Task description: Your response should be the lines from the one containing "text \<open>Stationary renewal" through the end of the material, copied exactly and with nothing added.

Provided records:
····················
(* If a stationary renewal process is a finitary factor of an i.i.d.\ process, then its jump distribution is non-lattice and has exponential tails.
   Context: A (discrete) renewal process is a $\{0,1\}$-valued process $X=(X_n)_{n\in\mathbb Z}$ with infinitely many 1's in both directions such that the distances between consecutive 1's are i.i.d.; their common law, a distribution $T$ on the positive integers, is the jump distribution. $T$ is non-lattice if $\gcd\{t:\mathbb P(T=t)>0\}=1$, and has exponential tails if there are $C,c>0$ with $\mathbb P(T\ge t)\le Ce^{-ct}$ for all $t\ge1$. A process $X$ is a factor of $Y=(Y_n)_{n\in\mathbb Z}$ if $X_n=\varphi(\dots,Y_{n-1},Y_n,Y_{n+1},\dots)$ for a measurable, shift-equivariant $\varphi$; it is finitary if there is an almost surely finite stopping time $R$ for the filtration $\mathcal F_r=\sigma(Y_n:|n|\le r)$ such that $X_0$ is $\mathcal F_R$-measurable. *)

theory Defs
  imports "HOL-Probability.Probability"
begin

text \<open>The i.i.d. process: coordinate process on the product space S^Z with
  product measure (every coordinate has law mu).\<close>

definition iid_space :: "'a measure \<Rightarrow> (int \<Rightarrow> 'a) measure" where
  "iid_space \<mu> = PiM UNIV (\<lambda>_::int. \<mu>)"

definition factor_proc :: "((int \<Rightarrow> 'a) \<Rightarrow> bool) \<Rightarrow> int \<Rightarrow> (int \<Rightarrow> 'a) \<Rightarrow> bool" where
  "factor_proc \<phi> n y = \<phi> (\<lambda>k. y (n + k))"

definition window_filtration :: "'a measure \<Rightarrow> enat \<Rightarrow> (int \<Rightarrow> 'a) measure" where
  "window_filtration \<mu> r =
     sigma (space (iid_space \<mu>))
       {{y \<in> space (iid_space \<mu>). y n \<in> A} | n A. enat (nat \<bar>n\<bar>) \<le> r \<and> A \<in> sets \<mu>}"

definition finitary_factor :: "'a measure \<Rightarrow> ((int \<Rightarrow> 'a) \<Rightarrow> bool) \<Rightarrow> bool" where
  "finitary_factor \<mu> \<phi> \<longleftrightarrow>
     \<phi> \<in> measurable (iid_space \<mu>) (count_space UNIV) \<and>
     (\<exists>R. stopping_time (window_filtration \<mu>) R \<and>
          (AE y in iid_space \<mu>. R y \<noteq> \<infinity>) \<and>
          \<phi> \<in> measurable (filtration.pre_sigma (space (iid_space \<mu>)) (window_filtration \<mu>) R)
                        (count_space UNIV))"

definition non_lattice :: "nat pmf \<Rightarrow> bool" where
  "non_lattice T \<longleftrightarrow> Gcd {t. pmf T t > 0} = 1"

definition exponential_tails :: "nat pmf \<Rightarrow> bool" where
  "exponential_tails T \<longleftrightarrow>
     (\<exists>C c. C > 0 \<and> c > 0 \<and> (\<forall>t\<ge>1. measure_pmf.prob T {t..} \<le> C * exp (- c * real t)))"

text \<open>Stationary renewal process (with values True = 1, False = 0) on a probability space M
  with jump distribution T:
  stationary, a.s. infinitely many 1's in both directions, and, given X_0 = 1, the successive
  distances t_1, ..., t_k between consecutive 1's after time 0 are i.i.d. with law T
  (by stationarity this is equivalent to the two-sided i.i.d. gap structure of the Palm version).\<close>

definition ones_pattern :: "nat list \<Rightarrow> int set" where
  "ones_pattern ts = {int (sum_list (take j ts)) | j. 1 \<le> j \<and> j \<le> length ts}"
····················
Task answer:
text \<open>Stationary renewal process (with values True = 1, False = 0) on a probability space M
  with jump distribution T:
  stationary, a.s. infinitely many 1's in both directions, and, given X_0 = 1, the successive
  distances t_1, ..., t_k between consecutive 1's after time 0 are i.i.d. with law T
  (by stationarity this is equivalent to the two-sided i.i.d. gap structure of the Palm version).\<close>

definition ones_pattern :: "nat list \<Rightarrow> int set" where
  "ones_pattern ts = {int (sum_list (take j ts)) | j. 1 \<le> j \<and> j \<le> length ts}"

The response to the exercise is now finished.